**TO DO:**
Collect the lines of the entries where "thesis" shows up.

**THE INPUT:**
(* Let $a:[0,1]\to[0,\infty)$ be bounded and measurable. There exist constants $h_0>0$ and $\gamma_0>0$ such that for every $N\ge1$ with $h=1/(N+1)\in(0,h_0)$ and all nonzero integers $n\ne m$ with $|n|,|m|\le N$, one has $|\lambda_h^n-\lambda_h^m|\ge\gamma_0$.
   Context: For $N\ge1$, $h=1/(N+1)$, $x_j=jh$, $a_j=a(x_j)$; $K_h=\frac1h\mathrm{tridiag}(-1,2,-1)$, $M_h=\frac h4\mathrm{tridiag}(1,2,1)$, $L_h=h\,\mathrm{diag}(a_1,\dots,a_N)$. Let $0<\mu_h^1<\dots<\mu_h^N$ be the (simple, positive) eigenvalues of $M_h^{-1}(K_h+L_h)$, and for $1\le|n|\le N$ let $\lambda_h^n=\mathrm{sgn}(n)\sqrt{\mu_h^{|n|}}$; the numbers $i\lambda_h^n$ are exactly the eigenvalues of the $2N\times2N$ matrix $\mathcal A_h=\begin{pmatrix}0&-I\\ M_h^{-1}(K_h+L_h)&0\end{pmatrix}$. *)

theory Defs
  imports "HOL-Analysis.Analysis" "Jordan_Normal_Form.Gauss_Jordan_Elimination" "Jordan_Normal_Form.Char_Poly"
begin

text \<open>Mesh size h = 1/(N+1); nodes x_j = j h, j = 1..N (matrix row/column index i = j - 1).\<close>
definition mesh :: "nat \<Rightarrow> real" where "mesh N = 1 / (real N + 1)"

definition K_h :: "nat \<Rightarrow> real mat" where
  "K_h N = mat N N (\<lambda>(i,j). (1 / mesh N) *
      (if i = j then 2 else if i = j + 1 \<or> j = i + 1 then -1 else 0))"

definition M_h :: "nat \<Rightarrow> real mat" where
  "M_h N = mat N N (\<lambda>(i,j). (mesh N / 4) *
      (if i = j then 2 else if i = j + 1 \<or> j = i + 1 then 1 else 0))"

definition L_h :: "(real \<Rightarrow> real) \<Rightarrow> nat \<Rightarrow> real mat" where
  "L_h a N = mat N N (\<lambda>(i,j). if i = j then mesh N * a (real (i + 1) * mesh N) else 0)"

definition op_h :: "(real \<Rightarrow> real) \<Rightarrow> nat \<Rightarrow> real mat" where
  "op_h a N = the (mat_inverse (M_h N)) * (K_h N + L_h a N)"

definition mu_h :: "(real \<Rightarrow> real) \<Rightarrow> nat \<Rightarrow> nat \<Rightarrow> real" where
  "mu_h a N k = sorted_list_of_set {\<mu>. eigenvalue (op_h a N) \<mu>} ! (k - 1)"

definition lambda_h :: "(real \<Rightarrow> real) \<Rightarrow> nat \<Rightarrow> int \<Rightarrow> real" where
  "lambda_h a N n = of_int (sgn n) * sqrt (mu_h a N (nat \<bar>n\<bar>))"

end

theory Submission
  imports Defs
begin

text \<open>For \<open>x \<in> (0, \<pi>/2)\<close> put \<open>\<mu> = (2 tan x / h)\<^sup>2\<close>. The row equations of
  \<open>(K\<^sub>h + L\<^sub>h) w = \<mu> M\<^sub>h w\<close> with \<open>w\<^sub>0 = 0\<close>, \<open>w\<^sub>1 = 1\<close> determine \<open>w\<^sub>2, \<dots>, w\<^sub>N\<^sub>+\<^sub>1\<close> by a
  three-term recurrence, and \<open>\<mu>\<close> is an eigenvalue as soon as \<open>w\<^sub>N\<^sub>+\<^sub>1 = 0\<close>. In polar form
  \<open>w\<^sub>j\<^sub>+\<^sub>1 = r\<^sub>j sin \<psi>\<^sub>j\<close>, the discrete Pruefer phase \<open>\<psi>\<^sub>N\<close> is increasing on
  \<open>[arctan (h/2), \<pi>/2]\<close>, runs from below \<open>\<pi>\<close> up to \<open>(N + 1) \<pi>\<close>, and its slope is at most
  \<open>C (N + 1)\<close> with \<open>C\<close> depending only on a bound \<open>A\<close> for \<open>a\<close>, as long as \<open>h A \<le> 1/2\<close>.
  So \<open>\<psi>\<^sub>N\<close> meets \<open>\<pi>, 2\<pi>, \<dots>, N\<pi>\<close> at points \<open>x\<^sub>k\<close> spaced at least \<open>\<pi> / (C (N + 1))\<close> apart;
  since \<open>tan\<close> has slope at least 1, the numbers \<open>\<surd>\<mu> = 2 tan x\<^sub>k / h\<close> are \<open>2\<pi>/C\<close> apart, and as
  \<open>M\<^sub>h\<^sup>-\<^sup>1 (K\<^sub>h + L\<^sub>h)\<close> has at most \<open>N\<close> eigenvalues these are all of them. Finally
  \<open>\<surd>\<mu> \<ge> 1\<close> keeps \<open>\<lambda>\<^sub>h\<^sup>n\<close> of opposite signs at distance at least 2.\<close>

section \<open>The discrete eigenvalue problem\<close>

definition tridiag_mat :: "nat \<Rightarrow> real \<Rightarrow> real \<Rightarrow> real \<Rightarrow> real mat" where
  "tridiag_mat n c p q =
     mat n n (\<lambda>(i, j). c * (if i = j then p else if i = j + 1 \<or> j = i + 1 then q else 0))"

lemma K_h_eq_tridiag_mat: "K_h N = tridiag_mat N (1 / mesh N) 2 (-1)"
  by (simp add: K_h_def tridiag_mat_def)

lemma M_h_eq_tridiag_mat: "M_h N = tridiag_mat N (mesh N / 4) 2 1"
  by (simp add: M_h_def tridiag_mat_def)

lemma K_h_carrier [simp]: "K_h N \<in> carrier_mat N N"
  and M_h_carrier [simp]: "M_h N \<in> carrier_mat N N"
  and L_h_carrier [simp]: "L_h a N \<in> carrier_mat N N"
  and dim_M_h [simp]: "dim_row (M_h N) = N" "dim_col (M_h N) = N"
  and dim_L_h [simp]: "dim_row (L_h a N) = N" "dim_col (L_h a N) = N"
  by (simp_all add: K_h_def M_h_def L_h_def)

lemma mesh_pos: "0 < mesh N"
  by (simp add: mesh_def)

definition nodal_vec :: "nat \<Rightarrow> (nat \<Rightarrow> real) \<Rightarrow> real vec" where
  "nodal_vec n w = vec n (\<lambda>i. w (Suc i))"

lemma nodal_vec_carrier [simp]: "nodal_vec n w \<in> carrier_vec n"
  by (simp add: nodal_vec_def)

lemma tridiag_mat_mult_nodal_vec:
  assumes i: "i < n" and w0: "w 0 = 0" and wn: "w (Suc n) = 0"
  shows "(tridiag_mat n c p q *\<^sub>v nodal_vec n w) $ i
           = c * (p * w (Suc i) + q * w i + q * w (Suc (Suc i)))"
proof -
  have entry: "c * (if i = j then p else if i = j + 1 \<or> j = i + 1 then q else 0) * w (Suc j)
      = c * p * (if j = i then w (Suc j) else 0) + c * q * (if j + 1 = i then w (Suc j) else 0)
        + c * q * (if j = i + 1 then w (Suc j) else 0)" for j
    by auto
  have below: "(\<Sum>j<n. if j + 1 = i then w (Suc j) else 0) = w i"
  proof (cases i)
    case (Suc k)
    then have "(\<Sum>j<n. if j + 1 = i then w (Suc j) else 0) = (\<Sum>j<n. if j = k then w (Suc j) else 0)"
      by (intro sum.cong) auto
    then show ?thesis using i Suc by simp
  qed (simp add: w0)
  have above: "(\<Sum>j<n. if j = i + 1 then w (Suc j) else 0) = w (Suc (Suc i))"
    using i wn by (cases "Suc i = n") auto
  have "(tridiag_mat n c p q *\<^sub>v nodal_vec n w) $ i
      = (\<Sum>j<n. c * (if i = j then p else if i = j + 1 \<or> j = i + 1 then q else 0) * w (Suc j))"
    using i by (simp add: tridiag_mat_def nodal_vec_def mult_mat_vec_def scalar_prod_def
        lessThan_atLeast0)
  also have "\<dots> = c * (p * w (Suc i) + q * w i + q * w (Suc (Suc i)))"
    unfolding entry sum.distrib sum_distrib_left[symmetric] below above
    using i by (simp add: algebra_simps)
  finally show ?thesis .
qed

lemma L_h_mult_nodal_vec:
  assumes "i < N"
  shows "(L_h a N *\<^sub>v nodal_vec N w) $ i = mesh N * a (real (i + 1) * mesh N) * w (Suc i)"
proof -
  have "(L_h a N *\<^sub>v nodal_vec N w) $ i
      = (\<Sum>j<N. (if i = j then mesh N * a (real (i + 1) * mesh N) else 0) * w (Suc j))"
    using assms by (simp add: L_h_def nodal_vec_def mult_mat_vec_def scalar_prod_def lessThan_atLeast0)
  also have "\<dots> = (\<Sum>j<N. if j = i then mesh N * a (real (i + 1) * mesh N) * w (Suc j) else 0)"
    by (intro sum.cong) auto
  finally show ?thesis using assms by simp
qed

lemma alternating_recurrence_solution:
  fixes w :: "nat \<Rightarrow> real"
  assumes w0: "w 0 = 0"
    and step: "\<And>j. 1 \<le> j \<Longrightarrow> j \<le> N \<Longrightarrow> w (Suc j) = -2 * w j - w (j - 1)"
  shows "j \<le> Suc N \<Longrightarrow> w j = (-1) ^ (j + 1) * real j * w 1"
proof (induction j rule: less_induct)
  case (less j)
  consider "j = 0" | "j = 1" | k where "j = Suc (Suc k)"
    by (cases j; cases "j - 1") auto
  then show ?case
  proof cases
    case 3
    then have "w j = -2 * w (Suc k) - w k" using step[of "Suc k"] less.prems by simp
    then show ?thesis using less.IH[of k] less.IH[of "Suc k"] 3 less.prems
      by (simp add: algebra_simps)
  qed (simp_all add: w0)
qed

**EXERCISE RESPONSE:**
    then show ?thesis using i Suc by simp
  finally show ?thesis .
  finally show ?thesis using assms by simp
    then show ?thesis using less.IH[of k] less.IH[of "Suc k"] 3 less.prems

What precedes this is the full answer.